Bellman Backup State Value Equations Derivation

Understanding continuum through discretization

\[G_t = \lambda^0 R_{t+1} + \lambda^1 R_{t+2} + \dots + \lambda^{T-1} R_{T}\] \[G_t = \sum_{k = t+1}^T \gamma^{k-t-1} R_k\]

we can have either \(T = \infty\) or \(\gamma = 1\) but not both.

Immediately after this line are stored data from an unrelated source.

(* Let $H$ be a binary tree based graph and let $S$ be a guarded set of literals over variables of $\phi_H$. Then $\Pr({\bf EC}(S))=2^{-|S\setminus Fix(S)|}$.
   Context: Sets of literals never contain a variable together with its negation. A rooted tree is extended if none of its leaves has a sibling. A graph $H$ is a binary tree based graph if it is the edge-disjoint union of extended rooted trees $T_1,\dots,T_m$ with roots $t_1,\dots,t_m$ such that every leaf of some $T_i$ is a leaf of exactly two of the trees, and any two trees have at most one common vertex, which is a leaf of both. $T_i,T_j$ are adjacent if they share a leaf $\ell_{i,j}$; $P_{i,j}$ is the path between $t_i$ and $t_j$ in $T_i\cup T_j$. A pseudoedge is a pair $\{t_i,t_j\}$ with $T_i,T_j$ adjacent. $\phi_H$ is the CNF on variables $V(H)$ with a clause $C_{i,j}$ (positive literals of $V(P_{i,j})$) for each pseudoedge; the non-leaf variables of $C_{i,j}$ are its variables other than $\ell_{i,j}$. A set $S$ of literals is guarded from $C_{i,j}$ if (1) $\ell_{i,j}$ does not occur in $S$, or (2) some non-leaf variable of $C_{i,j}$ occurs positively in $S$, or (3) $\ell_{i,j}$ occurs positively in $S$ and all other variables of $C_{i,j}$ occur negatively in $S$; $S$ is guarded if it is guarded from every clause of $\phi_H$. The positive literal $\ell_{i,j}$ is fixed w.r.t. $S$ if $\ell_{i,j}\in S$ and all other variables of $C_{i,j}$ occur negatively in $S$; $Fix(S)$ is the set of fixed literals. ${\bf SAT}(H)$ is the set of satisfying assignments of $\phi_H$; each $S'\in{\bf SAT}(H)$ has probability $(1/2)^{|V(H)\setminus Fix(S')|}$. ${\bf EC}(S)=\{S'\in{\bf SAT}(H):S\subseteq S'\}$. *)

theory Defs
  imports Complex_Main
begin

text \<open>A rooted tree on a finite vertex set V with root r is represented by a parent
  function p: every vertex x of V other than r has parent p x in V, p r = r (convention),
  and iterating p from any vertex reaches r (so there are no cycles).\<close>

definition rooted_tree :: "'v set \<Rightarrow> 'v \<Rightarrow> ('v \<Rightarrow> 'v) \<Rightarrow> bool" where
  "rooted_tree V r p \<longleftrightarrow> finite V \<and> r \<in> V \<and> p r = r \<and> (\<forall>x\<in>V. p x \<in> V)
     \<and> (\<forall>x\<in>V. \<exists>k. (p ^^ k) x = r)"

definition tree_edges :: "'v set \<Rightarrow> 'v \<Rightarrow> ('v \<Rightarrow> 'v) \<Rightarrow> 'v set set" where
  "tree_edges V r p = {{x, p x} | x. x \<in> V \<and> x \<noteq> r}"

definition children :: "'v set \<Rightarrow> 'v \<Rightarrow> ('v \<Rightarrow> 'v) \<Rightarrow> 'v \<Rightarrow> 'v set" where
  "children V r p v = {y \<in> V. y \<noteq> r \<and> p y = v}"

definition tree_leaves :: "'v set \<Rightarrow> 'v \<Rightarrow> ('v \<Rightarrow> 'v) \<Rightarrow> 'v set" where
  "tree_leaves V r p = {x \<in> V. x \<noteq> r \<and> children V r p x = {}}"

definition extended :: "'v set \<Rightarrow> 'v \<Rightarrow> ('v \<Rightarrow> 'v) \<Rightarrow> bool" where
  "extended V r p \<longleftrightarrow> (\<forall>x \<in> tree_leaves V r p. \<forall>y\<in>V. y \<noteq> r \<and> y \<noteq> x \<longrightarrow> p y \<noteq> p x)"

text \<open>Binary tree based graph given by its decomposition into trees T_i (i < m),
  T_i having vertex set V i, root r i, parent function p i.\<close>
definition btbg :: "nat \<Rightarrow> (nat \<Rightarrow> 'v set) \<Rightarrow> (nat \<Rightarrow> 'v) \<Rightarrow> (nat \<Rightarrow> 'v \<Rightarrow> 'v) \<Rightarrow> bool" where
  "btbg m V r p \<longleftrightarrow>
     (\<forall>i<m. rooted_tree (V i) (r i) (p i) \<and> extended (V i) (r i) (p i))
   \<and> (\<forall>i<m. \<forall>j<m. i \<noteq> j \<longrightarrow> tree_edges (V i) (r i) (p i) \<inter> tree_edges (V j) (r j) (p j) = {})
   \<and> (\<forall>i<m. \<forall>x \<in> tree_leaves (V i) (r i) (p i).
          card {j. j < m \<and> x \<in> tree_leaves (V j) (r j) (p j)} = 2)
   \<and> (\<forall>i<m. \<forall>j<m. i \<noteq> j \<longrightarrow> card (V i \<inter> V j) \<le> 1
          \<and> V i \<inter> V j \<subseteq> tree_leaves (V i) (r i) (p i) \<inter> tree_leaves (V j) (r j) (p j))"

definition VH :: "nat \<Rightarrow> (nat \<Rightarrow> 'v set) \<Rightarrow> 'v set" where
  "VH m V = (\<Union>i<m. V i)"

definition adjacent :: "nat \<Rightarrow> (nat \<Rightarrow> 'v set) \<Rightarrow> (nat \<Rightarrow> 'v) \<Rightarrow> (nat \<Rightarrow> 'v \<Rightarrow> 'v) \<Rightarrow> nat \<Rightarrow> nat \<Rightarrow> bool" where
  "adjacent m V r p i j \<longleftrightarrow> i < m \<and> j < m \<and> i \<noteq> j \<and>
     tree_leaves (V i) (r i) (p i) \<inter> tree_leaves (V j) (r j) (p j) \<noteq> {}"

definition common_leaf :: "(nat \<Rightarrow> 'v set) \<Rightarrow> nat \<Rightarrow> nat \<Rightarrow> 'v" where
  "common_leaf V i j = (THE l. l \<in> V i \<inter> V j)"

definition to_root :: "('v \<Rightarrow> 'v) \<Rightarrow> 'v \<Rightarrow> 'v set" where
  "to_root q v = range (\<lambda>k. (q ^^ k) v)"

text \<open>V(P_{i,j}): vertices of the path between t_i and t_j in T_i \<union> T_j; these are the
  variables of clause C_{i,j} (all occurring positively).\<close>
definition clause_vars :: "(nat \<Rightarrow> 'v set) \<Rightarrow> (nat \<Rightarrow> 'v \<Rightarrow> 'v) \<Rightarrow> nat \<Rightarrow> nat \<Rightarrow> 'v set" where
  "clause_vars V p i j = to_root (p i) (common_leaf V i j) \<union> to_root (p j) (common_leaf V i j)"

text \<open>Literals: (x, True) is the positive literal x, (x, False) its negation.\<close>
type_synonym 'v lit = "'v \<times> bool"

definition consistent :: "'v lit set \<Rightarrow> bool" where
  "consistent S \<longleftrightarrow> (\<forall>x. \<not> ((x, True) \<in> S \<and> (x, False) \<in> S))"

definition occurs :: "'v \<Rightarrow> 'v lit set \<Rightarrow> bool" where
  "occurs x S \<longleftrightarrow> (x, True) \<in> S \<or> (x, False) \<in> S"

definition guarded :: "nat \<Rightarrow> (nat \<Rightarrow> 'v set) \<Rightarrow> (nat \<Rightarrow> 'v) \<Rightarrow> (nat \<Rightarrow> 'v \<Rightarrow> 'v) \<Rightarrow> 'v lit set \<Rightarrow> bool" where
  "guarded m V r p S \<longleftrightarrow> (\<forall>i j. adjacent m V r p i j \<longrightarrow>
     (let l = common_leaf V i j; C = clause_vars V p i j in
        \<not> occurs l S
      \<or> (\<exists>v \<in> C - {l}. (v, True) \<in> S)
      \<or> ((l, True) \<in> S \<and> (\<forall>v \<in> C - {l}. (v, False) \<in> S))))"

\[\begin{equation}\begin{split} V_{\pi}(s) &\doteq \mathbb{E}_{\pi}[G_t|S_t=s] \\ &= \mathbb{E}_{\pi}[R_{t+1} + \gamma G_{t+1} | S_t = s] \\ &= \mathbb{E}_\pi[R_{t+1} | S_t = s] + \gamma\mathbb{E}_\pi[G_{t+1} | S_t = s]\end{split}\end{equation}\]

and,

\[\begin{equation}\begin{split}V_{\pi}(s') &\doteq \mathbb{E}_{\pi}[G_{t+1}|S_{t+1}=s'] \end{split}\end{equation}\]

\((1)\) and \((2)\) are same if \(s=s’\)

\[\begin{equation}\mathbb{E}_\pi[R_{t+1} | S_t = s] = \sum_{r\in \textbf{R}}rp(r|s)\end{equation}\]

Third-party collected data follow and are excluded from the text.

lemma Bv_eq_heavy_component:
  assumes H: "component E (V - cnbhd V E {v}) H" "c < wsum w H"
  shows "B v = H"
proof -
  let ?S = "V - cnbhd V E {v}"
  have other_light: "D = H \<or> wsum w D \<le> 1 - wsum w H" if "component E ?S D" for D
    using wsum_distinct_components[OF Diff_subset that H(1)] by linarith
  show ?thesis
    unfolding Bv_def
  proof (rule the_equality)
    have "wsum w D \<le> wsum w H" if "component E ?S D" for D
      using other_light[OF that] H(2) half_le_c by (cases "D = H") auto
    with H(1) show "component E ?S H \<and> (\<forall>D. component E ?S D \<longrightarrow> wsum w D \<le> wsum w H)"
      by blast
  next
    fix D assume D: "component E ?S D \<and> (\<forall>D'. component E ?S D' \<longrightarrow> wsum w D' \<le> wsum w D)"
    then have "wsum w H \<le> wsum w D" using H(1) by blast
    then show "D = H" using other_light[of D] D H(2) half_le_c by (cases "D = H") auto
  qed
qed

lemma Bv_heavy_component:
  assumes "v \<in> V"
  shows "component E (V - cnbhd V E {v}) (B v)" "c < wsum w (B v)"
  using heavy_star_component[OF assms] Bv_eq_heavy_component by auto

lemma Bv_subset: "v \<in> V \<Longrightarrow> B v \<subseteq> V - cnbhd V E {v}"
  using component_subset Bv_heavy_component(1) by blast

lemma finite_Bv: "v \<in> V \<Longrightarrow> finite (B v)"
  using Bv_subset finite_V by (meson Diff_subset finite_subset)

lemma not_in_cnbhd_Bv: "v \<in> V \<Longrightarrow> v \<notin> cnbhd V E (B v)"
  using Bv_subset symp_E unfolding cnbhd_def nbhd_def by (fastforce dest: sympD)

lemma nbhd_Bv_subset:
  assumes "v \<in> V"
  shows "nbhd V E (B v) \<subseteq> nbhd V E {v}"
proof
  fix u assume "u \<in> nbhd V E (B v)"
  then obtain b where u: "u \<in> V" "u \<notin> B v" and b: "b \<in> B v" "E b u"
    unfolding nbhd_def by blast
  have "u \<noteq> v" using u b not_in_cnbhd_Bv[OF assms] unfolding cnbhd_def nbhd_def by auto
  moreover have "u \<in> cnbhd V E {v}"
    using component_closed[OF Bv_heavy_component(1)[OF assms] b(1) _ b(2)] u by blast
  ultimately show "u \<in> nbhd V E {v}" unfolding cnbhd_def by blast
qed

lemma Cv_eq: "v \<in> V \<Longrightarrow> Cv V E w v = insert v (nbhd V E (B v))"
  using nbhd_Bv_subset Bv_subset symp_E unfolding Cv_def
  by (auto simp: nbhd_def cnbhd_def dest: sympD)

lemma Av_eq: "v \<in> V \<Longrightarrow> A v = V - insert v (cnbhd V E (B v))"
  unfolding Av_def cnbhd_def by (auto simp: Cv_eq)

lemma star_twins_if_Bv_eq:
  assumes "u \<in> V" "v \<in> V" "B u = B v"
  shows "star_twins V E w u v"
  using assms not_in_cnbhd_Bv[OF assms(1)] not_in_cnbhd_Bv[OF assms(2)]
  unfolding star_twins_def by (auto simp: Cv_eq Av_eq cnbhd_def)

lemma Bv_mono:
  assumes "x \<in> V" "y \<in> A x"
  shows "B x \<subseteq> B y"
proof -
  have y: "y \<in> V" "y \<notin> cnbhd V E (B x)" using assms by (auto simp: Av_eq)
  have "B x \<subseteq> V - cnbhd V E {y}"
    using Bv_subset[OF assms(1)] y symp_E unfolding cnbhd_def nbhd_def
    by (auto dest: sympD)
  then obtain D where D: "component E (V - cnbhd V E {y}) D" "B x \<subseteq> D"
    using component_superset[OF Bv_heavy_component(1)[OF assms(1)]] by blast
  have "c < wsum w D"
    using Bv_heavy_component(2)[OF assms(1)] wsum_mono[OF D(2)] component_subset[OF D(1)]
    by fastforce
  then show ?thesis using Bv_eq_heavy_component[OF D(1)] D(2) by simp
qed

lemma Av_anti:
  assumes "z \<in> V" "x \<in> V" "B z \<subseteq> B x" "y \<in> A x" "y \<noteq> z"
  shows "y \<in> A z"
  using assms cnbhd_mono[OF assms(3), of V E] by (auto simp: Av_eq)

lemma leA_imp_Bv_lex_less:
  assumes "x \<in> V" "z \<in> V" "leA V E w ord z x" "z \<noteq> x"
  shows "B z \<subseteq> B x" "B z = B x \<Longrightarrow> ord z < ord x"
  using assms Bv_mono star_twins_if_Bv_eq unfolding leA_def star_twins_def by blast+

lemma minimal_AI:
  assumes "z \<in> V" "\<forall>x\<in>V. \<not> B x \<subset> B z" "\<forall>x\<in>V. B x = B z \<longrightarrow> ord z \<le> ord x"
  shows "z \<in> minimal_A V E w ord"
  unfolding minimal_A_def
proof (intro CollectI conjI ballI impI assms(1))
  fix x assume x: "x \<in> V" "leA V E w ord x z"
  show "x = z"
  proof (rule ccontr)
    assume "x \<noteq> z"
    note less = leA_imp_Bv_lex_less[OF assms(1) x this]
    then have "B x = B z" using assms(2) x(1) by blast
    then show False using less(2) assms(3) x(1) by force
  qed
qed

lemma ex_Bv_minimal_with_Av:
  assumes "v \<in> V" "y \<in> A v"
  shows "\<exists>x\<in>V. y \<in> A x \<and> (\<forall>z\<in>V. \<not> B z \<subset> B x)"
proof -
  obtain x where x: "x \<in> V" "y \<in> A x"
    and least: "\<And>x'. x' \<in> V \<Longrightarrow> y \<in> A x' \<Longrightarrow> card (B x) \<le> card (B x')"
    using ex_has_least_nat[of "\<lambda>x. x \<in> V \<and> y \<in> A x" v "\<lambda>x. card (B x)"] assms by blast
  have "\<not> B z \<subset> B x" if "z \<in> V" for z
  proof
    assume less: "B z \<subset> B x"
    have "y \<noteq> z" using Bv_mono[OF x] less by blast
    then have "y \<in> A z" using Av_anti[OF that x(1) _ x(2)] less by blast
    then show False
      using least[OF that] psubset_card_mono[OF finite_Bv[OF x(1)] less] by linarith
  qed
  then show ?thesis using x by blast
qed

lemma ex_minimal_A_with_Av:
  assumes "v \<in> V" "y \<in> A v"
  shows "\<exists>z\<in>minimal_A V E w ord. y \<in> A z \<or> v \<in> A z"
proof -
  obtain x where x: "x \<in> V" "y \<in> A x" and x_min: "\<forall>z\<in>V. \<not> B z \<subset> B x"
    using ex_Bv_minimal_with_Av[OF assms] by blast
  obtain z where z: "z \<in> V" "B z = B x"
    and least: "\<And>z'. z' \<in> V \<Longrightarrow> B z' = B x \<Longrightarrow> ord z \<le> ord z'"
    using ex_has_least_nat[of "\<lambda>z. z \<in> V \<and> B z = B x" x ord] x(1) by blast
  have "z \<in> minimal_A V E w ord" using minimal_AI z x_min least by simp
  moreover have "y \<in> A z \<or> v \<in> A z"
  proof (cases "y = z")
    case True
    then have "B v = B z" using Bv_mono[OF assms] x_min assms(1) z(2) by blast
    then have "v \<in> A z"
      using True assms not_in_cnbhd_Bv[OF assms(1)] by (auto simp: Av_eq z(1))
    then show ?thesis ..
  next
    case False
    then show ?thesis using Av_anti[OF z(1) x(1) _ x(2)] z(2) by simp
  qed
  ultimately show ?thesis by blast
qed

lemma breaks_imp_Av:
  assumes "v \<in> V" "Y \<subseteq> V" "breaks V E v Y"
  shows "\<exists>y\<in>Y. y \<in> A v"
proof -
  obtain y where "y \<in> Y" "y \<notin> cnbhd V E (B v)"
    using assms(3) Bv_heavy_component(1)[OF assms(1)] unfolding breaks_def by blast
  then show ?thesis using assms unfolding breaks_def by (auto simp: Av_eq)
qed

theorem F_free_star_free_bag:
  assumes "forcer VF EF V E"
  shows "F_free E (star_free_bag V E w ord) VF EF"
  unfolding F_free_def
proof
  let ?\<beta> = "star_free_bag V E w ord"
  assume "\<exists>Y. Y \<subseteq> ?\<beta> \<and> induced_iso E Y VF EF"
  then obtain Y where Y: "Y \<subseteq> ?\<beta>" "induced_iso E Y VF EF" by blast
  have "?\<beta> \<subseteq> V" unfolding star_free_bag_def by blast
  then obtain v where v: "v \<in> Y" "v \<in> V" "breaks V E v (Y - {v})"
    using assms Y unfolding forcer_def by blast
  then obtain y where "y \<in> Y" "y \<in> A v"
    using breaks_imp_Av[OF v(2) _ v(3)] Y(1) \<open>?\<beta> \<subseteq> V\<close> by blast
  then obtain z where "z \<in> minimal_A V E w ord" "y \<in> A z \<or> v \<in> A z"
    using ex_minimal_A_with_Av[OF v(2)] by blast
  then show False
    using Y(1) \<open>y \<in> Y\<close> v(1) unfolding star_free_bag_def Av_def by blast
qed

end

theorem lemma4p10:
  fixes V :: "'a set" and E :: "'a \<Rightarrow> 'a \<Rightarrow> bool" and w :: "'a \<Rightarrow> real"
    and c :: real and d \<delta> :: nat and ord :: "'a \<Rightarrow> nat"
    and VF :: "'b set" and EF :: "'b \<Rightarrow> 'b \<Rightarrow> bool"
  assumes "1/2 \<le> c" "c < 1"
    and "0 < d" "0 < \<delta>" "\<delta> \<le> d"
    and "graph V E"
    and "max_degree V E = \<delta>"
    and "\<forall>v\<in>V. 0 \<le> w v \<and> w v \<le> 1"
    and "wsum w V = 1"
    and "\<not> (\<exists>X. d_bounded V E d X \<and> balanced_sep V E w c X)"
    and "bij_betw ord V {1..card V}"
    and "graph VF EF"
    and "forcer VF EF V E"
  shows "F_free E (star_free_bag V E w ord) VF EF"
proof -
  interpret heavy_star_graph V E w c
    using assms heavy_star_component_if_no_bounded_balanced_sep[OF assms(3,10)]
    by unfold_locales auto
  show ?thesis using F_free_star_free_bag[OF assms(13)] .
qed

end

Important Consideration from the definition of a markov decision process:

note that \(r \doteq r(s)\) which basically means that we have considered a deterministic reward and a fully observable markov decision process and \(p(s’|s,a) = p(s’,r|s,a)\) because \(s'\) is associated with a single reward \(r(s')=r(s,a)\)

hence:

\[\begin{equation}p(r|s)= \sum_{s'}\sum_ap(a,s',r|s) = \sum_{s'}\sum_a\pi(a|s)p(s',r|s,a)\end{equation}\] \[\begin{equation}\begin{split}\mathbb{E}_\pi[R_{t+1} | S_t = s] &= \sum_{r\in \textbf{R}}r\sum_{s'}\sum_a\pi(a|s)p(s',r|s,a) \\ &=\sum_{r\in \textbf{R}}\sum_{s'}\sum_ar\pi(a|s)p(s',r|s,a)\end{split}\end{equation}\]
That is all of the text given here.